Begin with the first line of the listing and quote every line through the one containing "by (intro measurable_gen_sigma_rvar;"; give only those lines.

##########

lemma theta_measurable_hist: "theta k \<in> borel_measurable (hist M theta S xi k)"
proof -
  have "sets (vimage_algebra (space M) (theta k) borel) \<subseteq> hist_generators k"
    unfolding hist_generators_def by blast
  then have "sets (vimage_algebra (space M) (theta k) borel) \<subseteq> sets (hist M theta S xi k)"
    unfolding sets_hist by (blast intro: sigma_sets.Basic)
  then show ?thesis
    by (simp add: measurable_iff_sets space_hist)
qed

lemma cond_exp_round_estimate:
  "AE \<omega> in M. real_cond_exp M (hist M theta S xi k) (\<lambda>\<omega>. round_estimate k (theta k \<omega>) \<omega> $ j) \<omega>
     = b1 * (\<Sum>i\<in>UNIV. gF i (theta k \<omega>)) $ j"
proof -
  have "{v. rvar_time v \<le> k} \<inter> {v. rvar_time v = Suc k} = {}"
    by auto
  note independent = indep_set_gen_sigma[OF this]
  let ?K = "gen_sigma {v. rvar_time v = Suc k}"
  have [measurable]: "Phi k \<in> borel_measurable ?K" "h k i \<in> borel_measurable ?K"
    "n1 k \<in> borel_measurable ?K" "n2 k \<in> borel_measurable ?K" "xi k i \<in> measurable ?K S" for i
    by (intro measurable_gen_sigma_rvar; simp)+
  have "(\<lambda>p. round_estimate k (fst p) (snd p) $ j) \<in> borel_measurable (borel \<Otimes>\<^sub>M ?K)"
    unfolding round_estimate_def by measurable
  from real_cond_exp_indep_freeze[OF subalgebra_hist sets_hist_subset subalgebra_gen_sigma
      subalgebra_gen_sigma independent theta_measurable_hist this integrable_round_estimate]
  show ?thesis
    by (simp add: integral_round_estimate)
qed

end

theorem lemma3:
  fixes M :: "'a measure" and S :: "'x measure"
    and D :: "'n::finite \<Rightarrow> 'x measure"
    and f :: "'n \<Rightarrow> real^'d \<Rightarrow> 'x \<Rightarrow> real"
    and gf :: "'n \<Rightarrow> real^'d \<Rightarrow> 'x \<Rightarrow> real^'d"
    and gF :: "'n \<Rightarrow> real^'d \<Rightarrow> real^'d"
    and Hs :: "'n \<Rightarrow> real^'d \<Rightarrow> real^'d^'d"
    and L :: "'x \<Rightarrow> real"
    and b b1 b2 \<sigma>1 \<sigma>2 :: real
    and Phi :: "nat \<Rightarrow> 'a \<Rightarrow> real^'d"
    and h :: "nat \<Rightarrow> 'n \<Rightarrow> 'a \<Rightarrow> real"
    and c a :: "'n \<Rightarrow> real"
    and n1 n2 :: "nat \<Rightarrow> 'a \<Rightarrow> real"
    and xi :: "nat \<Rightarrow> 'n \<Rightarrow> 'a \<Rightarrow> 'x"
    and theta :: "nat \<Rightarrow> 'a \<Rightarrow> real^'d"
    and eta :: "nat \<Rightarrow> real"
    and k :: nat
  assumes P: "prob_space M"
    \<comment> \<open>data distributions and losses\<close>
    and D_prob: "\<And>i. prob_space (D i)"
    and D_sets: "\<And>i. sets (D i) = sets S"
    and f_grad: "\<And>i \<theta> \<xi>. ((\<lambda>t. f i t \<xi>) has_derivative (\<lambda>v. gf i \<theta> \<xi> \<bullet> v)) (at \<theta>)"
    and F_grad: "\<And>i \<theta>. ((\<lambda>t. \<integral>\<xi>. f i t \<xi> \<partial>D i) has_derivative (\<lambda>v. gF i \<theta> \<bullet> v)) (at \<theta>)"
    and gf_int: "\<And>i \<theta>. integrable (D i) (gf i \<theta>)"
    and gf_exp: "\<And>i \<theta>. (\<integral>\<xi>. gf i \<theta> \<xi> \<partial>D i) = gF i \<theta>"
    \<comment> \<open>(i): continuous gradient and Hessian, Hessian bounded in spectral norm\<close>
    and gF_cont: "\<And>i. continuous_on UNIV (gF i)"
    and Hs_deriv: "\<And>i \<theta>. (gF i has_derivative (\<lambda>v. Hs i \<theta> *v v)) (at \<theta>)"
    and Hs_cont: "\<And>i. continuous_on UNIV (Hs i)"
    and Hs_bound: "\<And>i \<theta>. onorm (\<lambda>v. Hs i \<theta> *v v) \<le> b"
    \<comment> \<open>(ii): Lipschitz losses with finite expectation\<close>
    and f_lip: "\<And>i \<xi>. lipschitz_on (L \<xi>) UNIV (\<lambda>t. f i t \<xi>)"
    and f_int: "\<And>i \<theta>. integrable (D i) (f i \<theta>)"
    \<comment> \<open>(iv): perturbations\<close>
    and Phi_meas: "\<And>k. Phi k \<in> borel_measurable M"
    and Phi_orth: "\<And>k j l. j \<noteq> l \<Longrightarrow> prob_space.expectation M (\<lambda>\<omega>. Phi k \<omega> $ j * Phi k \<omega> $ l) = 0"
    and Phi_sq: "\<And>k j. prob_space.expectation M (\<lambda>\<omega>. (Phi k \<omega> $ j)^2) = b1"
    and b1_pos: "b1 > 0"
    and Phi_bound: "\<And>k \<omega>. \<omega> \<in> space M \<Longrightarrow> norm (Phi k \<omega>) \<le> b2"
    and eta_pos: "\<And>k. eta k > 0"
    \<comment> \<open>wireless model\<close>
    and h_meas: "\<And>k i. h k i \<in> borel_measurable M"
    and h_sq_int: "\<And>k i. integrable M (\<lambda>\<omega>. (h k i \<omega>)^2)"
    and h_mean: "\<And>k i. prob_space.expectation M (h k i) = 0"
    and h_var: "\<And>k i. prob_space.expectation M (\<lambda>\<omega>. (h k i \<omega>)^2) = c i"
    and c_pos: "\<And>i. c i > 0"
    and a_def: "\<And>i. a i = 1 / c i"
    and n1_meas: "\<And>k. n1 k \<in> borel_measurable M"
    and n2_meas: "\<And>k. n2 k \<in> borel_measurable M"
    and n1_sq_int: "\<And>k. integrable M (\<lambda>\<omega>. (n1 k \<omega>)^2)"
    and n2_sq_int: "\<And>k. integrable M (\<lambda>\<omega>. (n2 k \<omega>)^2)"
    and n1_mean: "\<And>k. prob_space.expectation M (n1 k) = 0"
    and n2_mean: "\<And>k. prob_space.expectation M (n2 k) = 0"
    and n1_var: "\<And>k. prob_space.expectation M (\<lambda>\<omega>. (n1 k \<omega>)^2) = \<sigma>1^2"
    and n2_var: "\<And>k. prob_space.expectation M (\<lambda>\<omega>. (n2 k \<omega>)^2) = \<sigma>2^2"
    and xi_meas: "\<And>k i. xi k i \<in> measurable M S"
    and xi_distr: "\<And>k i. distr M S (xi k i) = D i"
    and theta0_meas: "theta 0 \<in> borel_measurable M"
    \<comment> \<open>mutual independence of all primitive random variables (and of the initial point)\<close>
    and indep: "prob_space.indep_sets M
       (\<lambda>v. case v of
           Theta0 \<Rightarrow> sets (vimage_algebra (space M) (theta 0) borel)
         | PhiV m \<Rightarrow> sets (vimage_algebra (space M) (Phi m) borel)
         | HV m i \<Rightarrow> sets (vimage_algebra (space M) (h m i) borel)
         | N1V m \<Rightarrow> sets (vimage_algebra (space M) (n1 m) borel)
         | N2V m \<Rightarrow> sets (vimage_algebra (space M) (n2 m) borel)
         | XiV m i \<Rightarrow> sets (vimage_algebra (space M) (xi m i) S)) UNIV"
    \<comment> \<open>EFOFL iteration\<close>
    and iter: "\<And>m \<omega>. theta (Suc m) \<omega> = theta m \<omega> - eta m *\<^sub>R
         gprime a (Phi m \<omega>) (\<lambda>i. h m i \<omega>) (n1 m \<omega>) (\<lambda>i. gf i (theta m \<omega>) (xi m i \<omega>)) (n2 m \<omega>)"
  shows "\<forall>j. AE \<omega> in M.
     real_cond_exp M (hist M theta S xi k)
       (\<lambda>\<omega>. gprime a (Phi k \<omega>) (\<lambda>i. h k i \<omega>) (n1 k \<omega>) (\<lambda>i. gf i (theta k \<omega>) (xi k i \<omega>)) (n2 k \<omega>) $ j) \<omega>
     = b1 * (\<Sum>i\<in>UNIV. gF i (theta k \<omega>)) $ j"
proof
  fix j
  interpret efofl M S D f gf gF b1 b2 Phi h c a n1 n2 xi theta eta
    by (intro efofl.intro efofl_axioms.intro P; (fact | unfold efofl_generator_def, fact)?)
  show "AE \<omega> in M.
     real_cond_exp M (hist M theta S xi k)
       (\<lambda>\<omega>. gprime a (Phi k \<omega>) (\<lambda>i. h k i \<omega>) (n1 k \<omega>) (\<lambda>i. gf i (theta k \<omega>) (xi k i \<omega>)) (n2 k \<omega>) $ j) \<omega>
     = b1 * (\<Sum>i\<in>UNIV. gF i (theta k \<omega>)) $ j"
    using cond_exp_round_estimate[of k j] by (simp add: round_estimate_def)
qed

end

##########

→ Output for this task:
lemma theta_measurable_hist: "theta k \<in> borel_measurable (hist M theta S xi k)"
proof -
  have "sets (vimage_algebra (space M) (theta k) borel) \<subseteq> hist_generators k"
    unfolding hist_generators_def by blast
  then have "sets (vimage_algebra (space M) (theta k) borel) \<subseteq> sets (hist M theta S xi k)"
    unfolding sets_hist by (blast intro: sigma_sets.Basic)
  then show ?thesis
    by (simp add: measurable_iff_sets space_hist)
qed

lemma cond_exp_round_estimate:
  "AE \<omega> in M. real_cond_exp M (hist M theta S xi k) (\<lambda>\<omega>. round_estimate k (theta k \<omega>) \<omega> $ j) \<omega>
     = b1 * (\<Sum>i\<in>UNIV. gF i (theta k \<omega>)) $ j"
proof -
  have "{v. rvar_time v \<le> k} \<inter> {v. rvar_time v = Suc k} = {}"
    by auto
  note independent = indep_set_gen_sigma[OF this]
  let ?K = "gen_sigma {v. rvar_time v = Suc k}"
  have [measurable]: "Phi k \<in> borel_measurable ?K" "h k i \<in> borel_measurable ?K"
    "n1 k \<in> borel_measurable ?K" "n2 k \<in> borel_measurable ?K" "xi k i \<in> measurable ?K S" for i
    by (intro measurable_gen_sigma_rvar; simp)+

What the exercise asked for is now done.